TRY IT
Look through the data below and return each line where "gain" appears.

SUPPLIED RECORDS

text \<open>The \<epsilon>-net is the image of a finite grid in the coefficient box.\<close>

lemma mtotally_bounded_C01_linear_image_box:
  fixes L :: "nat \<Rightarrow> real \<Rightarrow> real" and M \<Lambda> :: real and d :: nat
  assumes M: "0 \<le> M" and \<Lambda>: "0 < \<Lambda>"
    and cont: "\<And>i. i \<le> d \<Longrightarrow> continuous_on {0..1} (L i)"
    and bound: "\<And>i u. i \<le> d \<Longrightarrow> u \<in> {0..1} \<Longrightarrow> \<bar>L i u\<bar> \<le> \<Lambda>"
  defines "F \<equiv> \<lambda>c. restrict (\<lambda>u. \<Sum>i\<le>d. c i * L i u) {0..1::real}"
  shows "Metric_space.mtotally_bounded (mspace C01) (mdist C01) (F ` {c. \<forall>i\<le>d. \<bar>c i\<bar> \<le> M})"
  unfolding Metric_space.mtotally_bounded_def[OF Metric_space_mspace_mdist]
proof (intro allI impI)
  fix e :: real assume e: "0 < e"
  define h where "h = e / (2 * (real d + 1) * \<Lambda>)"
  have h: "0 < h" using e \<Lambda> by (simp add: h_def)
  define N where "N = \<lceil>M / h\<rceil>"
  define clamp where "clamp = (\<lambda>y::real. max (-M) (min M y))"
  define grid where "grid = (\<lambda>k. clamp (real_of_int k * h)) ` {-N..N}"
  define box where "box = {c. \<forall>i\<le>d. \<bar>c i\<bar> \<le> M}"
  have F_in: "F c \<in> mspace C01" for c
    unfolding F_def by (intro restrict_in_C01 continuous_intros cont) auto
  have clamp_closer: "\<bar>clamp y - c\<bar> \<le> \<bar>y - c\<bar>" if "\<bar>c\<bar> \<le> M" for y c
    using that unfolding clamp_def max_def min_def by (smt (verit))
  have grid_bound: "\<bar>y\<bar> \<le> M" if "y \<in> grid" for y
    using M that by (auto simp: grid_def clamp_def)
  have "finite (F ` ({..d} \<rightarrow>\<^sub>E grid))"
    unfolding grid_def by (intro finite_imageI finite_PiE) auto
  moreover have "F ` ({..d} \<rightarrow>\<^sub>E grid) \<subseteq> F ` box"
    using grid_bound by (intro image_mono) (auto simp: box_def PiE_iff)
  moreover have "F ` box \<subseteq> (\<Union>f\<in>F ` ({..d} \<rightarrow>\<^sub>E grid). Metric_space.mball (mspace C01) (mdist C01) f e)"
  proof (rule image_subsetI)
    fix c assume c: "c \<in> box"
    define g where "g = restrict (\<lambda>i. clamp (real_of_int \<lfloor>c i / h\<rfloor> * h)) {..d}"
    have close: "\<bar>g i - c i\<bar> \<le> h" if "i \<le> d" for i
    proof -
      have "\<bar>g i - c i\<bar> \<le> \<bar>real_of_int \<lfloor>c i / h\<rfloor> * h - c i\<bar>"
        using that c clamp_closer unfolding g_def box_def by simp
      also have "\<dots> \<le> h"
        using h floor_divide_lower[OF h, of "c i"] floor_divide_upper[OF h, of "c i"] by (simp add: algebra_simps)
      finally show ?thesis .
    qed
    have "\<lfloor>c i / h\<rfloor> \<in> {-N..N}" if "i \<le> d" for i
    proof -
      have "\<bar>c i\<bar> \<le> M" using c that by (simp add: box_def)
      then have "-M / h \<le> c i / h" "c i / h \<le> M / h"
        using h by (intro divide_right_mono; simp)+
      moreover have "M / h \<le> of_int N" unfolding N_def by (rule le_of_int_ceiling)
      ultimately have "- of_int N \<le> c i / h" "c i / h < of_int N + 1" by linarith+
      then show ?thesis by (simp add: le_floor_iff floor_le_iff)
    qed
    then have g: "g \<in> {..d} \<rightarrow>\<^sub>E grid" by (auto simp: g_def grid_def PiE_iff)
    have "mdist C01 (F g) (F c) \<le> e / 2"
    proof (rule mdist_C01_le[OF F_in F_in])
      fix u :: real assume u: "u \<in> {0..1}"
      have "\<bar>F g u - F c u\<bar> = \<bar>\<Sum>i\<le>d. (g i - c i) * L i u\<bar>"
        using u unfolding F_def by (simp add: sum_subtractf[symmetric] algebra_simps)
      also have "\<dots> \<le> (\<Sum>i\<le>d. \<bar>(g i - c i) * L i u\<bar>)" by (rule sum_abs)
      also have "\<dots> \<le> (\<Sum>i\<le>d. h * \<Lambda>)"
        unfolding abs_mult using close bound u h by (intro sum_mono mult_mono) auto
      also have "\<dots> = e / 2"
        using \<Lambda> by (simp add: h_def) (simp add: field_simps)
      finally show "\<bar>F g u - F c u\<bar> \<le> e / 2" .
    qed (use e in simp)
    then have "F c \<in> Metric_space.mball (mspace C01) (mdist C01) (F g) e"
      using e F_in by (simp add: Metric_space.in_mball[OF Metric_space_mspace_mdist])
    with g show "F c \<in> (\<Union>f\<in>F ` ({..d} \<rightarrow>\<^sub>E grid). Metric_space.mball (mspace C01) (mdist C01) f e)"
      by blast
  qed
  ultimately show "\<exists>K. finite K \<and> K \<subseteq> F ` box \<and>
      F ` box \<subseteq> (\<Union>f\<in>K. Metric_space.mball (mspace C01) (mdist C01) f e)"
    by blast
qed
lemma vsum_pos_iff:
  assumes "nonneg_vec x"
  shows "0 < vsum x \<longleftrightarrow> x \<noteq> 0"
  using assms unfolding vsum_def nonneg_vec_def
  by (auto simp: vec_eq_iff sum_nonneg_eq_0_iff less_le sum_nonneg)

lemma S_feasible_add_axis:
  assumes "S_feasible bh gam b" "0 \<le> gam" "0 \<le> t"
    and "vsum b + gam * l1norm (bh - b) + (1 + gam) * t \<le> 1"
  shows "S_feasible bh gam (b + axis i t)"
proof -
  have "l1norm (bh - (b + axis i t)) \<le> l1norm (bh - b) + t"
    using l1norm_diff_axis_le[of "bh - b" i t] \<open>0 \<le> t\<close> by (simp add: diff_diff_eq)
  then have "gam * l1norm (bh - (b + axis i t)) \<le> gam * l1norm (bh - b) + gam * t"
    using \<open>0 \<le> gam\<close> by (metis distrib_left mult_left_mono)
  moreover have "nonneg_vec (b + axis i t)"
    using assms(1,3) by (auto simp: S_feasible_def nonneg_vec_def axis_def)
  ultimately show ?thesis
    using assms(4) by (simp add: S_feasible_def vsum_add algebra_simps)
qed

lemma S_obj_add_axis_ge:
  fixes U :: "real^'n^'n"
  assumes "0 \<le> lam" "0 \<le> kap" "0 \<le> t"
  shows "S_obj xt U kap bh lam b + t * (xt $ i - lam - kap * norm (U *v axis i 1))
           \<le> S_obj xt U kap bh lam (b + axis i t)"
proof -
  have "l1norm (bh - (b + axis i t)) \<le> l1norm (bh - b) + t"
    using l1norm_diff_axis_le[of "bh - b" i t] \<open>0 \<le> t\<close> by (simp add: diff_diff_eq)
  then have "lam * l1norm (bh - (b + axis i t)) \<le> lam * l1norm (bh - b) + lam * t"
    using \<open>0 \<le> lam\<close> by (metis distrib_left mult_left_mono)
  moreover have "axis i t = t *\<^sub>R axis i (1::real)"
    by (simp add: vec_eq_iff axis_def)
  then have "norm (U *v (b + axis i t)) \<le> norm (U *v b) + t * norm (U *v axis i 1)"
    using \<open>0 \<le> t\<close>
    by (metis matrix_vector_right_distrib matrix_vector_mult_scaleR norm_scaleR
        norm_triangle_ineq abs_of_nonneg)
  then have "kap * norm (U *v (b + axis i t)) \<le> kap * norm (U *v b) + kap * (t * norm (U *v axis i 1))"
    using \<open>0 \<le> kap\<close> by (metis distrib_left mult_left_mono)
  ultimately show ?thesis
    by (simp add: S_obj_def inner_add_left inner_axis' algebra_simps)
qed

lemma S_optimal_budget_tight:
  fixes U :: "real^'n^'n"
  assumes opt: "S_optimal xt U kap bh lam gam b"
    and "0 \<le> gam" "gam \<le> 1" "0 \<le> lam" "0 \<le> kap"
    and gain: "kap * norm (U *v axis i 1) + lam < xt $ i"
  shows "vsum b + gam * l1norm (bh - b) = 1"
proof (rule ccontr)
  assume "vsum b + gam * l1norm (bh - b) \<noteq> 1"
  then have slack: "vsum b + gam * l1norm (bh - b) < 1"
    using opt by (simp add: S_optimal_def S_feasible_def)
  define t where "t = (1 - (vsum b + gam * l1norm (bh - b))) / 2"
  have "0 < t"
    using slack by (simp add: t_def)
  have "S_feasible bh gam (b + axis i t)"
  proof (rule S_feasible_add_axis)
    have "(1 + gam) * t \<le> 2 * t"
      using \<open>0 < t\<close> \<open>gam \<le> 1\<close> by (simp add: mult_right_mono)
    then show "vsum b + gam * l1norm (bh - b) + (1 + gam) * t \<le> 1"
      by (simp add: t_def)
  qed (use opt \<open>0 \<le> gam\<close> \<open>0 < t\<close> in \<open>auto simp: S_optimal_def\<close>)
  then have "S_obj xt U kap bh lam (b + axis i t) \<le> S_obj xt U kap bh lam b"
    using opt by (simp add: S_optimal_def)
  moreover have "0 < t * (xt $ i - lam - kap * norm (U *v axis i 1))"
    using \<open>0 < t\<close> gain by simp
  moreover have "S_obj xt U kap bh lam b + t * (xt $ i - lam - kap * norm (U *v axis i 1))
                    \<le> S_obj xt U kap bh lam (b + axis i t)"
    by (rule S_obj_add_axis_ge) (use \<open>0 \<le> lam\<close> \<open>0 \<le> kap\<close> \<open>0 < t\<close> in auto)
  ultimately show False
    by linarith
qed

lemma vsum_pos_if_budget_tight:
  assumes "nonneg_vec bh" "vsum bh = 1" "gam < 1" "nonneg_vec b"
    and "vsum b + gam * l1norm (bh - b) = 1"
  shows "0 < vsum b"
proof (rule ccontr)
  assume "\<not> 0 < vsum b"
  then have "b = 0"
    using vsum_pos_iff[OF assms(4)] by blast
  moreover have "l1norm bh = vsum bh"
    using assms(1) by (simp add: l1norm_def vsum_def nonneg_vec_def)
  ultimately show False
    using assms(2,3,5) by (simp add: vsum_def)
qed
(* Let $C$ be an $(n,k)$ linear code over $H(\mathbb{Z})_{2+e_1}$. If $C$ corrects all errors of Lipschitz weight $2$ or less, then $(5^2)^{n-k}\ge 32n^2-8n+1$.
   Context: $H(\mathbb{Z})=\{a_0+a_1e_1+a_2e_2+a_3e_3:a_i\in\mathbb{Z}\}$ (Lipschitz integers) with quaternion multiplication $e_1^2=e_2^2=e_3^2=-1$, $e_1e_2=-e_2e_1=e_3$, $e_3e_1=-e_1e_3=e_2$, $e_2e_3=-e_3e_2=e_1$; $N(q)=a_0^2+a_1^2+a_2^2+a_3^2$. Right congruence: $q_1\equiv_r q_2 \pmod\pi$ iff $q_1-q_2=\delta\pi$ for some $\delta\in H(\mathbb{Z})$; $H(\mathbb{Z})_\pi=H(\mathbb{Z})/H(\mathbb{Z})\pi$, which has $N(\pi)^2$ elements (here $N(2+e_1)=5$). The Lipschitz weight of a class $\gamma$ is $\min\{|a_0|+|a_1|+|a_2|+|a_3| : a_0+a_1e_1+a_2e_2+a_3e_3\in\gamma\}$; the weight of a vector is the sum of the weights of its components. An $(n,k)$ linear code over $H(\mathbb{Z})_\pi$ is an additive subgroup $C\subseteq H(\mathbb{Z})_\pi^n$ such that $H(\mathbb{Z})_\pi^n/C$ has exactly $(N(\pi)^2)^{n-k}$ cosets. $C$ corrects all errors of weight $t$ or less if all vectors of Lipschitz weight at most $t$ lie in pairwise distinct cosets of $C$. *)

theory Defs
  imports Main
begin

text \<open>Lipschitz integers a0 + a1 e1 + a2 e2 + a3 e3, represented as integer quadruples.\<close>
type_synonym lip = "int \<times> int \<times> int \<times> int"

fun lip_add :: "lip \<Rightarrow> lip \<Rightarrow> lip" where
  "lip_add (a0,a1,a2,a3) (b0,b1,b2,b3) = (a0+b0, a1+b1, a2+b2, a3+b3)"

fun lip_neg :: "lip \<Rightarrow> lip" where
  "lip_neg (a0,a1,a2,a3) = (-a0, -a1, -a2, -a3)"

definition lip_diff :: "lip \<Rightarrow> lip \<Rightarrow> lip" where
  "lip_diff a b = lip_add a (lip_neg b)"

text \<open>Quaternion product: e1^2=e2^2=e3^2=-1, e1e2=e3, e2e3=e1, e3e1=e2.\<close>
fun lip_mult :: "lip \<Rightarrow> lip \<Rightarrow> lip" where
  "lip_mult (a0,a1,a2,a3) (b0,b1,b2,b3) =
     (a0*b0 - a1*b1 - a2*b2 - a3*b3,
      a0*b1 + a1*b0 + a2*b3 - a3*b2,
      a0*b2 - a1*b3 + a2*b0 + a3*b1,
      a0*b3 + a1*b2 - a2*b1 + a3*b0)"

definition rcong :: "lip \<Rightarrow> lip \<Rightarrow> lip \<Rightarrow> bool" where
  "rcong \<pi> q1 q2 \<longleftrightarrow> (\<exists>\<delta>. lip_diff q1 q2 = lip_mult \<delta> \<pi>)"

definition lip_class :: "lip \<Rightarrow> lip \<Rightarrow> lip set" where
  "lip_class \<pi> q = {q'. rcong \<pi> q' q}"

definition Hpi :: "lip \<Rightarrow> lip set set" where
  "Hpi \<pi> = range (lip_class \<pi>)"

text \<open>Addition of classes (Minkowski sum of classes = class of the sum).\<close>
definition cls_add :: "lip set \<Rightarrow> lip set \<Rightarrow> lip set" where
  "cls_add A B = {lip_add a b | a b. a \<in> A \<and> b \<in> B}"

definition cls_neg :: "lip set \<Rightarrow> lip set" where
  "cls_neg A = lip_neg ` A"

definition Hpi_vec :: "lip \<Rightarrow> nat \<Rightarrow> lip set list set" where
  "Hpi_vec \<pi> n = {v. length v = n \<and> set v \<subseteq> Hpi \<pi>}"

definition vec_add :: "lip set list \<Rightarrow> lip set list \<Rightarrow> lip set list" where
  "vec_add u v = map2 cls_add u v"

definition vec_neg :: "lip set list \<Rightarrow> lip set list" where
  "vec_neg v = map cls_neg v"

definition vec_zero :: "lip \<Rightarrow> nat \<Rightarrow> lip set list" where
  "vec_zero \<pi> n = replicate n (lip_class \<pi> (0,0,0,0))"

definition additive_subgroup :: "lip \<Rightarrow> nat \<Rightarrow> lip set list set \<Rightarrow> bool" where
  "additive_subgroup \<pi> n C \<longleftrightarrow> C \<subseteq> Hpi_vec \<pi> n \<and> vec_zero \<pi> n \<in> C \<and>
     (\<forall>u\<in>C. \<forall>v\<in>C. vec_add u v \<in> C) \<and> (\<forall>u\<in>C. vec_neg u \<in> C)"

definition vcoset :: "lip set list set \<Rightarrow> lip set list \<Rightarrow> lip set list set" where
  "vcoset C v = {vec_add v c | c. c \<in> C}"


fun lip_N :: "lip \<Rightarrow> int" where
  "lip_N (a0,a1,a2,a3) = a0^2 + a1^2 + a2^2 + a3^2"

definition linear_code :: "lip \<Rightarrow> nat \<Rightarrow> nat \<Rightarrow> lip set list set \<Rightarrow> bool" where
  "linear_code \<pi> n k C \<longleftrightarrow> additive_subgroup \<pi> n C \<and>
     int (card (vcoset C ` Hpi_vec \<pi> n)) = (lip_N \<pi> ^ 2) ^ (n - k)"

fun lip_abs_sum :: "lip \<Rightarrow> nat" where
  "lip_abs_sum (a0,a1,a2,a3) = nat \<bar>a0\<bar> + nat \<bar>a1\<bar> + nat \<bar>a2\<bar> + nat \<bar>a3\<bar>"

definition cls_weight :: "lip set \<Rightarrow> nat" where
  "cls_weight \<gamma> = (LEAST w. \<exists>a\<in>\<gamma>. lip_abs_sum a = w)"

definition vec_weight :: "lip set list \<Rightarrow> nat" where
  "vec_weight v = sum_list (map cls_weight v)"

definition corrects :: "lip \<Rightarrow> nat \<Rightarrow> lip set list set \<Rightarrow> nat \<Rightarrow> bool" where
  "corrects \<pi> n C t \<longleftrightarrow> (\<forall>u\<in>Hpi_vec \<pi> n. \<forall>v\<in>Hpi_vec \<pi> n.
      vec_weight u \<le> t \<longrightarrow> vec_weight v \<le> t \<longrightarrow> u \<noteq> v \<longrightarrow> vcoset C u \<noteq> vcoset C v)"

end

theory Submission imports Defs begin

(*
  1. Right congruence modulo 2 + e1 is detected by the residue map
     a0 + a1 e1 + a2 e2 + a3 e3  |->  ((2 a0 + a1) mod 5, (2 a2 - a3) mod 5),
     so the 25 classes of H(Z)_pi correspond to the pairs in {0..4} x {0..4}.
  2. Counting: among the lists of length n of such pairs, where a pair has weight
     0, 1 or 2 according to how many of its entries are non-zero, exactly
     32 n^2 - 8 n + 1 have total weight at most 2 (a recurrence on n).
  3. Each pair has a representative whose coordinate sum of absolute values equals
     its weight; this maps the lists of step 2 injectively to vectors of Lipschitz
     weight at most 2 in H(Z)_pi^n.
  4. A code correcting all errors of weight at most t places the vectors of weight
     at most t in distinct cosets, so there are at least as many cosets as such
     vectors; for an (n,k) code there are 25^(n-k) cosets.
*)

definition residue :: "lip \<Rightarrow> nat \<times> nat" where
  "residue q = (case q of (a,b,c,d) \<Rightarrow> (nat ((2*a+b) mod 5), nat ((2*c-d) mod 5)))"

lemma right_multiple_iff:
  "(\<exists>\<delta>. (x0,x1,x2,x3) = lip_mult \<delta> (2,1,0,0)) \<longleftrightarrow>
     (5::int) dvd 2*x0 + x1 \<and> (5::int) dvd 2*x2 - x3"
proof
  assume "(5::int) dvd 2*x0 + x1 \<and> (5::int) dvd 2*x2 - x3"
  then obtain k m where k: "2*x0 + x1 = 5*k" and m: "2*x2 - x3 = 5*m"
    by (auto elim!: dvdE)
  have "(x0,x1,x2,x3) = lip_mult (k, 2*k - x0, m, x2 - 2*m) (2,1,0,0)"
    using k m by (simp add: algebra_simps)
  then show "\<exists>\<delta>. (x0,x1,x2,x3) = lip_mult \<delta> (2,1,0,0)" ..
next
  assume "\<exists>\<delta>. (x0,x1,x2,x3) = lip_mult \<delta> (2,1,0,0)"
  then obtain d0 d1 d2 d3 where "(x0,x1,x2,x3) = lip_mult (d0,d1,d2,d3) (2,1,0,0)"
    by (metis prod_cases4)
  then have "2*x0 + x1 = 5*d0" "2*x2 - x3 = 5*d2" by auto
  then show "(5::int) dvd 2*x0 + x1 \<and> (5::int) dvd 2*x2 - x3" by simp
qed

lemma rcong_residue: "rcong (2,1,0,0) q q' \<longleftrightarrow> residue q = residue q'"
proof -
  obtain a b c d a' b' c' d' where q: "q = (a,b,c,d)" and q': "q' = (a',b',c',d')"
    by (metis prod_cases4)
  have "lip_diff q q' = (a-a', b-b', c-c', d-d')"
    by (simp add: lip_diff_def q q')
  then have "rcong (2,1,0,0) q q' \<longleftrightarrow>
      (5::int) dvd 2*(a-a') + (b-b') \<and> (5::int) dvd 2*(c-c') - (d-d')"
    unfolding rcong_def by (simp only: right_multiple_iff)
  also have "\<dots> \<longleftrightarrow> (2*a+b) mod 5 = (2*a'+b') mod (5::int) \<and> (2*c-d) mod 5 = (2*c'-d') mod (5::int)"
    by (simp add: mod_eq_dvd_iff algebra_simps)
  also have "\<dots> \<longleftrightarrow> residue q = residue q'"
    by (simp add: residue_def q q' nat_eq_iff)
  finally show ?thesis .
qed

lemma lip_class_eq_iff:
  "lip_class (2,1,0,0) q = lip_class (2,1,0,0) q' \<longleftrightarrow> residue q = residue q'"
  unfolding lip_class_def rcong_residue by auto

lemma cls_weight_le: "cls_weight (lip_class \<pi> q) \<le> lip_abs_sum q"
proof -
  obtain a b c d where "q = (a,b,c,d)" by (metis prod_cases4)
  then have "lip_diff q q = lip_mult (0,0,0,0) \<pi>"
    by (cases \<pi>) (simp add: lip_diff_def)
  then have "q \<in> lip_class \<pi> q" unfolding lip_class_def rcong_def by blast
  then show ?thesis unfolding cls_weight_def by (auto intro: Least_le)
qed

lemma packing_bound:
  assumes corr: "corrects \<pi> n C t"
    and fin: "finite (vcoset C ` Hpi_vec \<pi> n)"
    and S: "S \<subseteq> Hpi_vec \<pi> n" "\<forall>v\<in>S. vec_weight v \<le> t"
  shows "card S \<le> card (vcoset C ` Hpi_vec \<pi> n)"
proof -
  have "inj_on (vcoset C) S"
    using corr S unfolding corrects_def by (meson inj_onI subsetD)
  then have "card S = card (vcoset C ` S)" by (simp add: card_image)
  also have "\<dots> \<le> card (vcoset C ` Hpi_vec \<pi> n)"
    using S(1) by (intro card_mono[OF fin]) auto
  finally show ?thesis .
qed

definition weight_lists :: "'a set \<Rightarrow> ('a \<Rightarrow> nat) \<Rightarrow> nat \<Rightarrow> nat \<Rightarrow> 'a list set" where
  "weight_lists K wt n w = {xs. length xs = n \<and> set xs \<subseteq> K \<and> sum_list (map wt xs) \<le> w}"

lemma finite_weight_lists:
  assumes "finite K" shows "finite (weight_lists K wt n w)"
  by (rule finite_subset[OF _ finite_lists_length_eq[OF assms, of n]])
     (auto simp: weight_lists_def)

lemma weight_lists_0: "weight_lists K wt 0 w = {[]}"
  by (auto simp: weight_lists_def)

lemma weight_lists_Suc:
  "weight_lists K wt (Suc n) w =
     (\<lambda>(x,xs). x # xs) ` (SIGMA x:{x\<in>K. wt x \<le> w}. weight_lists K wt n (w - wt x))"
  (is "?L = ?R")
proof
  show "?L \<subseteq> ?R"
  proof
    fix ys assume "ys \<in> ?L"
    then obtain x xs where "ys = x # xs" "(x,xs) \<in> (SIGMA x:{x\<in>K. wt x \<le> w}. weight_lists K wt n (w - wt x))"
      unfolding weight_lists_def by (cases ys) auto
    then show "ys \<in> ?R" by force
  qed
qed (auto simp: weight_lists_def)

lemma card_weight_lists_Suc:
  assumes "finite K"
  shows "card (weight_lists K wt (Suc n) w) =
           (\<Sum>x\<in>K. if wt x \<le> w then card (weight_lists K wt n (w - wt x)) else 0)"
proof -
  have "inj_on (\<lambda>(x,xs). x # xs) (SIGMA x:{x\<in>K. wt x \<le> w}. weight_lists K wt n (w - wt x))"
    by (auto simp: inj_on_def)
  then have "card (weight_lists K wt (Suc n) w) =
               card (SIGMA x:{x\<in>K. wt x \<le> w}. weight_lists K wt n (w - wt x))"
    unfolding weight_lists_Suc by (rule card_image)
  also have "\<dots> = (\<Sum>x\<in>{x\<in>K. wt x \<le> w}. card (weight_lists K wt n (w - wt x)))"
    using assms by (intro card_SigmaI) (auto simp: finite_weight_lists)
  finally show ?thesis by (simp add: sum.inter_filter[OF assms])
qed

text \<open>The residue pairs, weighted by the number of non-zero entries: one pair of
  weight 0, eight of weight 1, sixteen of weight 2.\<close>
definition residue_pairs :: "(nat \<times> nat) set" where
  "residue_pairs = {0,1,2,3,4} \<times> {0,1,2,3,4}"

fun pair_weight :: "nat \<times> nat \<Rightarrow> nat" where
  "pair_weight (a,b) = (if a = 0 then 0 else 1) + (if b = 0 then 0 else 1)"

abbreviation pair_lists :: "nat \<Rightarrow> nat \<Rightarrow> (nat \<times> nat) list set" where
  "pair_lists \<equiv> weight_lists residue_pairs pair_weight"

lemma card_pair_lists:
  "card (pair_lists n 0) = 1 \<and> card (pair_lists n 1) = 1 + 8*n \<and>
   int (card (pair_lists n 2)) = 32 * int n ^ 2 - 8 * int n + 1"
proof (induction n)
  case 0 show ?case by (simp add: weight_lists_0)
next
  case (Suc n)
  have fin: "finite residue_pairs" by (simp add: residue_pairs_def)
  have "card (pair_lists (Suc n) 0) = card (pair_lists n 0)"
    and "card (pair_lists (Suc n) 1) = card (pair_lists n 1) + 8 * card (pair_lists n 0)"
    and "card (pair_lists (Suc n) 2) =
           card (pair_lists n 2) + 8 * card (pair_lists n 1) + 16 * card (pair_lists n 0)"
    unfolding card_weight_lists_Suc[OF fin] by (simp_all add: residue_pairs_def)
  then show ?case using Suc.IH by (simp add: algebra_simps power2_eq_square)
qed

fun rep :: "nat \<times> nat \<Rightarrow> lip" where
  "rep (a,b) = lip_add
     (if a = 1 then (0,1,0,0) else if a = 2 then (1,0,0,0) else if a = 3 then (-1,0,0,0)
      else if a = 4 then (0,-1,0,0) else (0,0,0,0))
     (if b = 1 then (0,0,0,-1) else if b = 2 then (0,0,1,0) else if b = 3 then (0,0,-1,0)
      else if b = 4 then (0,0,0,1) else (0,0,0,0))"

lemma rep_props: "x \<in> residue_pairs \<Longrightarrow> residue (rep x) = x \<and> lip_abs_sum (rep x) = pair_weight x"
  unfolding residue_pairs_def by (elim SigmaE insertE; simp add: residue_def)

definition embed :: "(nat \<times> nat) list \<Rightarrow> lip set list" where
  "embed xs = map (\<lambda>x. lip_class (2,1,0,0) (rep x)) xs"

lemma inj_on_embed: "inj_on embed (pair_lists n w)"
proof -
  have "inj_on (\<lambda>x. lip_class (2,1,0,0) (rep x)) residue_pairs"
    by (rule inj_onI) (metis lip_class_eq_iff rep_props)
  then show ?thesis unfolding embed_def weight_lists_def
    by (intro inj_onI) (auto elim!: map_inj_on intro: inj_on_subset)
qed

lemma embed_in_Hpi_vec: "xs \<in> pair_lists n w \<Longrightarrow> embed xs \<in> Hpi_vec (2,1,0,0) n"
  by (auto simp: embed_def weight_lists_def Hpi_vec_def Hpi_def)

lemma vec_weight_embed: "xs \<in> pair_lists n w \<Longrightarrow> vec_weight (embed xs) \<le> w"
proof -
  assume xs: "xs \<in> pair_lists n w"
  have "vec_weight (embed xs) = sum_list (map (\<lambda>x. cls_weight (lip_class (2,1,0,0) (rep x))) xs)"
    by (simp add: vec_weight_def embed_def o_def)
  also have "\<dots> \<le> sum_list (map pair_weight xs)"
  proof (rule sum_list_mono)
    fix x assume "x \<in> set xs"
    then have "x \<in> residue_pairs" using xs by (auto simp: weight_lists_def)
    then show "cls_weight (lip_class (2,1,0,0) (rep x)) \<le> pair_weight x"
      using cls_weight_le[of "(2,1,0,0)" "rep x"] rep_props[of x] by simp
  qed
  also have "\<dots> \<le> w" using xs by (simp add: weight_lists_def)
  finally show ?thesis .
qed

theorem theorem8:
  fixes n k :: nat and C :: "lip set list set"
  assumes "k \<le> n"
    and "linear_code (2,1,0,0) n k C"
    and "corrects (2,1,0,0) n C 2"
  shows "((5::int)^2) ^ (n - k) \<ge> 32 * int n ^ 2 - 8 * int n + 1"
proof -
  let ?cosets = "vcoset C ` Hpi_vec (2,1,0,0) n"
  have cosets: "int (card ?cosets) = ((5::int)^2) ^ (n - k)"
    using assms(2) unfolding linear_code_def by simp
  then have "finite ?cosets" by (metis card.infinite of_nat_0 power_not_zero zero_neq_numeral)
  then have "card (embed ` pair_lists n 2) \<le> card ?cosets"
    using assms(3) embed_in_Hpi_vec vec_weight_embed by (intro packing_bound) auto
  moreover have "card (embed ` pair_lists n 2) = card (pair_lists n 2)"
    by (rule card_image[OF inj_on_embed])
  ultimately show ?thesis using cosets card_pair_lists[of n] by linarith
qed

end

RESPONSE BOX
    and gain: "kap * norm (U *v axis i 1) + lam < xt $ i"
    using \<open>0 < t\<close> gain by simp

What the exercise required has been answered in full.